Data records
========================================================================

lemma face_sum_lower_bound:
  fixes K :: real
  assumes N: "1 \<le> N" and Q: "on_cells N (\<lambda>i j k. 0 \<le> Q i j k)" and K: "0 \<le> K"
    and Px: "\<And>i j k. i \<le> N \<Longrightarrow> j \<in> {1..N} \<Longrightarrow> k \<in> {1..N} \<Longrightarrow>
      - (K * (ext N Q i j k + ext N Q (Suc i) j k)) \<le> Px i j k"
    and Py: "\<And>i j k. i \<in> {1..N} \<Longrightarrow> j \<le> N \<Longrightarrow> k \<in> {1..N} \<Longrightarrow>
      - (K * (ext N Q i j k + ext N Q i (Suc j) k)) \<le> Py i j k"
    and Pz: "\<And>i j k. i \<in> {1..N} \<Longrightarrow> j \<in> {1..N} \<Longrightarrow> k \<le> N \<Longrightarrow>
      - (K * (ext N Q i j k + ext N Q i j (Suc k))) \<le> Pz i j k"
  shows "- (9 * K * cell_sum N Q) \<le> face_sum N Px Py Pz"
proof -
  define nb where "nb i j k = ext N Q (Suc i) j k + ext N Q (i - 1) j k + ext N Q i (Suc j) k
    + ext N Q i (j - 1) k + ext N Q i j (Suc k) + ext N Q i j (k - 1)" for i j k
  have "on_cells N (\<lambda>i j k. - (K / 2) * (6 * Q i j k + nb i j k) \<le>
     (Px i j k + Px (i - 1) j k) / 2 + (Py i j k + Py i (j - 1) k) / 2 + (Pz i j k + Pz i j (k - 1)) / 2)"
    unfolding on_cells_def
  proof (intro ballI)
    fix i j k assume ijk: "i \<in> {1..N}" "j \<in> {1..N}" "k \<in> {1..N}"
    then have "ext N Q i j k = Q i j k" by (simp add: ext_def cl_id)
    moreover have "Suc (i - 1) = i" "Suc (j - 1) = j" "Suc (k - 1) = k" using ijk by auto
    moreover note Px[of i j k] Px[of "i - 1" j k] Py[of i j k] Py[of i "j - 1" k] Pz[of i j k] Pz[of i j "k - 1"]
    ultimately show "- (K / 2) * (6 * Q i j k + nb i j k) \<le>
      (Px i j k + Px (i - 1) j k) / 2 + (Py i j k + Py i (j - 1) k) / 2 + (Pz i j k + Pz i j (k - 1)) / 2"
      using ijk unfolding nb_def by (simp add: algebra_simps add_divide_distrib)
  qed
  then have "cell_sum N (\<lambda>i j k. - (K / 2) * (6 * Q i j k + nb i j k)) \<le> face_sum N Px Py Pz"
    unfolding face_sum_def by (rule cell_sum_mono)
  moreover have "cell_sum N (\<lambda>i j k. - (K / 2) * (6 * Q i j k + nb i j k))
      = - (K / 2) * (6 * cell_sum N Q + cell_sum N nb)"
    by (simp only: cell_sum_scale cell_sum_add)
  moreover have "cell_sum N nb \<le> 12 * cell_sum N Q"
    using cell_sum_neighbour_le[OF N Q] unfolding nb_def cell_sum_add by linarith
  ultimately show ?thesis using K mult_left_mono[of "cell_sum N nb" "12 * cell_sum N Q" "K / 2"]
    by (simp add: algebra_simps)
qed

section \<open>The discrete estimate\<close>

lemma grad_sup_le_jumps:
  assumes G: "grad_sup_le h N f c" and h: "0 < h"
  shows "i \<le> N \<Longrightarrow> j \<in> {1..N} \<Longrightarrow> k \<in> {1..N} \<Longrightarrow> \<bar>ext N f (Suc i) j k - ext N f i j k\<bar> \<le> c * h"
    "i \<in> {1..N} \<Longrightarrow> j \<le> N \<Longrightarrow> k \<in> {1..N} \<Longrightarrow> \<bar>ext N f i (Suc j) k - ext N f i j k\<bar> \<le> c * h"
    "i \<in> {1..N} \<Longrightarrow> j \<in> {1..N} \<Longrightarrow> k \<le> N \<Longrightarrow> \<bar>ext N f i j (Suc k) - ext N f i j k\<bar> \<le> c * h"
proof -
  have scale: "\<bar>a - b\<bar> \<le> c * h" if "\<bar>(a - b) / h\<bar> \<le> c" for a b
    using that h by (simp add: pos_divide_le_eq)
  have D: "\<bar>Dx h N f i j k\<bar> \<le> c \<and> \<bar>Dy h N f j i k\<bar> \<le> c \<and> \<bar>Dz h N f j k i\<bar> \<le> c"
    if "i \<le> N" "j \<in> {1..N}" "k \<in> {1..N}" for i j k
    using G that unfolding grad_sup_le_def by simp
  show "\<bar>ext N f (Suc i) j k - ext N f i j k\<bar> \<le> c * h" if "i \<le> N" "j \<in> {1..N}" "k \<in> {1..N}"
    using D[OF that] unfolding Dx_def by (blast intro: scale)
  show "\<bar>ext N f i (Suc j) k - ext N f i j k\<bar> \<le> c * h" if "i \<in> {1..N}" "j \<le> N" "k \<in> {1..N}"
    using D[OF that(2,1,3)] unfolding Dy_def by (blast intro: scale)
  show "\<bar>ext N f i j (Suc k) - ext N f i j k\<bar> \<le> c * h" if "i \<in> {1..N}" "j \<in> {1..N}" "k \<le> N"
    using D[OF that(3,1,2)] unfolding Dz_def by (blast intro: scale)
qed
lemma robust_risk_le_weighted_error:
  assumes L: "log_lipschitz \<alpha> n D" and \<alpha>: "0 < \<alpha>" "\<alpha> \<le> 2 ^ s" and n: "n \<ge> 1"
    and c: "is_dtree n c" and h: "is_dtree n h"
  shows "robust_risk n D (log 2 (real n)) c h
    \<le> real n ^ (2 * s) * (\<Sum>z | z \<in> cube n \<and> eval_tree c z \<noteq> eval_tree h z.
        D z * (1 + 1 / 2 ^ s) ^ card (path_vars c z \<union> path_vars h z))"
proof -
  let ?K = "\<lambda>z. path_vars c z \<union> path_vars h z" and ?flip = "\<lambda>(z, T). flip_bits T z"
  define E where "E = {z \<in> cube n. eval_tree c z \<noteq> eval_tree h z}"
  define Q where "Q z = {T. T \<subseteq> ?K z \<and> 2 ^ card T \<le> real n}" for z
  define R where
    "R = {y \<in> cube n. \<exists>z\<in>hball n (log 2 (real n)) y. eval_tree c z \<noteq> eval_tree h z}"
  have K: "?K z \<subseteq> {..<n}" for z
    using path_vars_subset[OF c] path_vars_subset[OF h] by blast
  have nonneg: "D y \<ge> 0" if "y \<in> cube n" for y
    using log_lipschitz_pos[OF L that] by simp
  have fin_E: "finite E" and fin_Q: "finite (Q z)" for z
    by (auto simp: E_def Q_def intro: finite_subset[of _ "Pow (?K z)"])
  then have fin: "finite (Sigma E Q)" by blast
  have "R \<subseteq> ?flip ` Sigma E Q"
  proof
    fix y assume "y \<in> R"
    then obtain z where y: "y \<in> cube n"
      and z: "z \<in> hball n (log 2 (real n)) y" "eval_tree c z \<noteq> eval_tree h z"
      by (auto simp: R_def)
    obtain z' T where z': "z' \<in> cube n" "eval_tree c z' \<noteq> eval_tree h z'"
      and T: "T \<subseteq> ?K z'" "real (card T) \<le> log 2 (real n)" and yT: "y = flip_bits T z'"
      using near_error_is_flip_of_error[OF c h y z] .
    have "2 powr real (card T) \<le> real n"
      using T(2) n by (subst le_log_iff[symmetric]) auto
    then have "(z', T) \<in> Sigma E Q"
      using z' T by (simp add: E_def Q_def powr_realpow)
    then show "y \<in> ?flip ` Sigma E Q"
      using yT by force
  qed
  then have "sum D R \<le> sum D (?flip ` Sigma E Q)"
    using fin nonneg by (intro sum_mono2) (auto simp: E_def)
  also have "\<dots> \<le> (\<Sum>(z, T)\<in>Sigma E Q. D (flip_bits T z))"
    using sum_image_le[OF fin, of D ?flip] nonneg by (force simp: E_def comp_def case_prod_beta)
  also have "\<dots> = (\<Sum>z\<in>E. \<Sum>T\<in>Q z. D (flip_bits T z))"
    using fin_E fin_Q by (simp add: sum.Sigma)
  also have "\<dots> \<le> (\<Sum>z\<in>E. real n ^ (2 * s) * (1 + 1 / 2 ^ s) ^ card (?K z) * D z)"
    unfolding Q_def using mass_of_short_flips_le[OF L \<alpha>] K by (intro sum_mono) (auto simp: E_def)
  finally show ?thesis
    by (simp add: robust_risk_def prob_def R_def E_def sum_distrib_left mult_ac)
qed

lemma sum_weighted_le_mass_plus_second_moment:
  fixes D W :: "'a \<Rightarrow> real"
  assumes A: "finite A" "E \<subseteq> A" and D: "\<And>z. z \<in> A \<Longrightarrow> D z \<ge> 0" and t: "t > 0"
  shows "(\<Sum>z\<in>E. D z * W z) \<le> t * sum D E + (\<Sum>z\<in>A. D z * (W z)\<^sup>2) / t"
proof -
  have "(\<Sum>z\<in>E. D z * W z) \<le> (\<Sum>z\<in>E. t * D z + D z * (W z)\<^sup>2 / t)"
  proof (rule sum_mono)
    fix z assume "z \<in> E"
    have "t * W z \<le> t\<^sup>2 + (W z)\<^sup>2"
      using sum_squares_bound[of t "W z"] zero_le_power2[of t] zero_le_power2[of "W z"] by linarith
    then have "W z \<le> t + (W z)\<^sup>2 / t"
      using t by (simp add: field_simps power2_eq_square)
    then show "D z * W z \<le> t * D z + D z * (W z)\<^sup>2 / t"
      using D \<open>z \<in> E\<close> A(2) mult_left_mono[of "W z" _ "D z"] by (force simp: algebra_simps)
  qed
  also have "\<dots> = t * sum D E + (\<Sum>z\<in>E. D z * (W z)\<^sup>2) / t"
    by (simp add: sum.distrib sum_distrib_left sum_divide_distrib)
  also have "\<dots> \<le> t * sum D E + (\<Sum>z\<in>A. D z * (W z)\<^sup>2) / t"
    using A D t by (intro add_left_mono divide_right_mono sum_mono2) auto
  finally show ?thesis .
qed
definition sandwich :: "('a::real_inner \<Rightarrow> real) \<Rightarrow> ('a \<Rightarrow> 'a) \<Rightarrow> ('a \<Rightarrow> 'a) \<Rightarrow> ('a \<Rightarrow> 'a) \<Rightarrow> bool" where
  "sandwich f df Sig Sighat \<longleftrightarrow>
     self_adjoint Sig \<and> self_adjoint Sighat \<and> psd Sig \<and> psd (\<lambda>u. Sighat u - Sig u) \<and>
     (\<forall>u v. f v + inner (u - v) (df v) + qf Sig (u - v) / 2 \<le> f u \<and>
            f u \<le> f v + inner (u - v) (df v) + qf Sighat (u - v) / 2)"

end

theory Submission
  imports Defs
begin

text \<open>The optimality of \<open>x\<^sup>k\<^sup>+\<^sup>1\<close> and \<open>y\<^sup>k\<^sup>+\<^sup>1\<close> in their subproblems, written as
  variational inequalities, together with the majorization bounds for \<open>f\<close>, \<open>g\<close> and the
  multiplier update, bounds the contribution of iteration \<open>k\<close> to the gap by half the decrease of
  \<open>\<psi>\<^sub>k = \<phi>\<^sub>k + (1 - \<alpha> min(\<tau>, 1/\<tau>)) \<sigma> \<parallel>r\<^sup>k\<parallel>\<^sup>2 + \<alpha> \<parallel>y\<^sup>k - y\<^sup>k\<^sup>-\<^sup>1\<parallel>\<^sup>2\<close> (norm of \<open>\<Sigma>\<^sub>g^ + T\<close>).
  The cross terms between consecutive \<open>y\<close>-steps are controlled by the co-coercivity of
  \<open>\<nabla>g\<close> relative to \<open>\<Sigma>\<^sub>g^\<close>, and the remaining quadratic terms by \<open>H\<^sub>f\<close>, \<open>M\<^sub>g\<close> and the choice
  of \<open>\<alpha>\<close>. Summing over \<open>1..k\<close> telescopes, and convexity of \<open>p\<close> and \<open>q\<close> passes to the
  ergodic averages.\<close>

lemma self_adjoint_add:
  "self_adjoint F \<Longrightarrow> self_adjoint G \<Longrightarrow> self_adjoint (\<lambda>u. F u + G u)"
  unfolding self_adjoint_def
  by (auto simp: inner_add_left inner_add_right intro: linear_compose_add)

lemma qf_add_scaleR:
  assumes "self_adjoint G"
  shows "qf G (a + t *\<^sub>R d) = qf G a + 2 * t * inner (G a) d + t\<^sup>2 * qf G d"
proof -
  have "linear G" and "inner a (G d) = inner (G a) d"
    using assms by (simp_all add: self_adjoint_def)
  then show ?thesis
    unfolding qf_def
    by (simp add: linear_add linear_scale inner_add_left inner_add_right
        inner_commute[of d "G a"] power2_eq_square algebra_simps)
qed

lemma qf_add_scaled_adjoint:
  fixes A :: "'z::euclidean_space \<Rightarrow> 'x::euclidean_space"
  assumes "linear A"
  shows "qf (\<lambda>u. G u + t *\<^sub>R A (adjoint A u)) d = qf G d + t * (norm (adjoint A d))\<^sup>2"
  unfolding qf_def power2_norm_eq_inner
  by (simp add: inner_add_right adjoint_clauses(2)[OF assms, symmetric])

lemma pd_imp_psd: "pd G \<Longrightarrow> psd G"
  unfolding pd_def psd_def qf_def by (metis inner_zero_left less_imp_le order_refl)

lemma nonpos_if_le_small_multiples:
  fixes a Q :: real
  assumes "\<And>t. 0 < t \<Longrightarrow> t \<le> 1 \<Longrightarrow> a \<le> t * Q"
  shows "a \<le> 0"
proof (rule ccontr)
  assume "\<not> a \<le> 0"
  hence a: "a > 0" by simp
  define t where "t = min 1 (a / (2 * (\<bar>Q\<bar> + 1)))"
  have t: "0 < t" "t \<le> 1" using a by (simp_all add: t_def)
  have "t * Q \<le> a / (2 * (\<bar>Q\<bar> + 1)) * \<bar>Q\<bar>"
  proof -
    have "t * Q \<le> t * \<bar>Q\<bar>" using t by (simp add: mult_left_mono)
    also have "\<dots> \<le> a / (2 * (\<bar>Q\<bar> + 1)) * \<bar>Q\<bar>" by (rule mult_right_mono) (auto simp: t_def)
    finally show ?thesis .
  qed
  also have "\<dots> < a"
  proof -
    have aQ: "0 \<le> a * \<bar>Q\<bar>" using a by simp
    show ?thesis using a by (simp add: field_simps) (use aQ a in linarith)
  qed
  finally show False using assms[OF t] by simp
qed

lemma ereal_convex_minimizer_variational_ineq:
  fixes p :: "'a::real_vector \<Rightarrow> ereal"
  assumes cvx: "ereal_convex p" and pw: "p w = ereal Pw" and pu: "p u = ereal Pu"
    and min: "\<And>v. p w + ereal (h w) \<le> p v + ereal (h v)"
    and along_line: "\<And>t. h (w + t *\<^sub>R (u - w)) = h w + t * D + t\<^sup>2 * Q"
  shows "Pw \<le> Pu + D"
proof -
  have "Pw - Pu - D \<le> t * Q" if t: "0 < t" "t \<le> 1" for t
  proof -
    have "(1 - t) *\<^sub>R w + t *\<^sub>R u = w + t *\<^sub>R (u - w)" by (simp add: algebra_simps)
    moreover have "p ((1 - t) *\<^sub>R w + t *\<^sub>R u) \<le> ereal (1 - t) * p w + ereal t * p u"
      using cvx t unfolding ereal_convex_def by auto
    ultimately have "p (w + t *\<^sub>R (u - w)) \<le> ereal (1 - t) * p w + ereal t * p u" by simp
    hence segment: "p (w + t *\<^sub>R (u - w)) \<le> ereal ((1 - t) * Pw + t * Pu)" using pw pu by simp
    have "ereal (Pw + h w) \<le> p (w + t *\<^sub>R (u - w)) + ereal (h (w + t *\<^sub>R (u - w)))"
      using min[of "w + t *\<^sub>R (u - w)"] pw by simp
    also have "\<dots> \<le> ereal ((1 - t) * Pw + t * Pu) + ereal (h (w + t *\<^sub>R (u - w)))"
      using segment by (rule add_right_mono)
    finally have "Pw + h w \<le> (1 - t) * Pw + t * Pu + h w + t * D + t\<^sup>2 * Q"
      by (simp add: along_line)
    hence "t * (Pw - Pu - D) \<le> t * (t * Q)"
      by (simp add: algebra_simps power2_eq_square)
    thus ?thesis using t by simp
  qed
  then have "Pw - Pu - D \<le> 0" by (rule nonpos_if_le_small_multiples)
  then show ?thesis by simp
qed

lemma proximal_objective_along_line:
  assumes sa: "self_adjoint G" and L: "linear L"
  shows "inner a (w + t *\<^sub>R d) + qf G (w + t *\<^sub>R d - v0) / 2 + inner zz (L (w + t *\<^sub>R d))
           + \<sigma> / 2 * (norm (L (w + t *\<^sub>R d) + e))\<^sup>2
       = (inner a w + qf G (w - v0) / 2 + inner zz (L w) + \<sigma> / 2 * (norm (L w + e))\<^sup>2)
         + t * (inner a d + inner (G (w - v0)) d + inner zz (L d) + \<sigma> * inner (L w + e) (L d))
         + t\<^sup>2 * (qf G d / 2 + \<sigma> / 2 * (norm (L d))\<^sup>2)"
proof -
  have q: "qf G (w + t *\<^sub>R d - v0) = qf G (w - v0) + 2 * t * inner (G (w - v0)) d + t\<^sup>2 * qf G d"
    using qf_add_scaleR[OF sa, of "w - v0" t d] by (simp add: algebra_simps)
  have n: "(norm (L (w + t *\<^sub>R d) + e))\<^sup>2
      = (norm (L w + e))\<^sup>2 + 2 * t * inner (L w + e) (L d) + t\<^sup>2 * (norm (L d))\<^sup>2"
    unfolding power2_norm_eq_inner
    by (simp add: linear_add[OF L] linear_scale[OF L] inner_add_left inner_add_right
        inner_commute power2_eq_square algebra_simps)
  show ?thesis unfolding q n
    by (simp add: linear_add[OF L] linear_scale[OF L] inner_add_right algebra_simps power2_eq_square)
qed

========================================================================

[Task brief]
Look over the records. Copy the lines that include the word "obtain".

[Solution]
    then obtain z where y: "y \<in> cube n"
    obtain z' T where z': "z' \<in> cube n" "eval_tree c z' \<noteq> eval_tree h z'"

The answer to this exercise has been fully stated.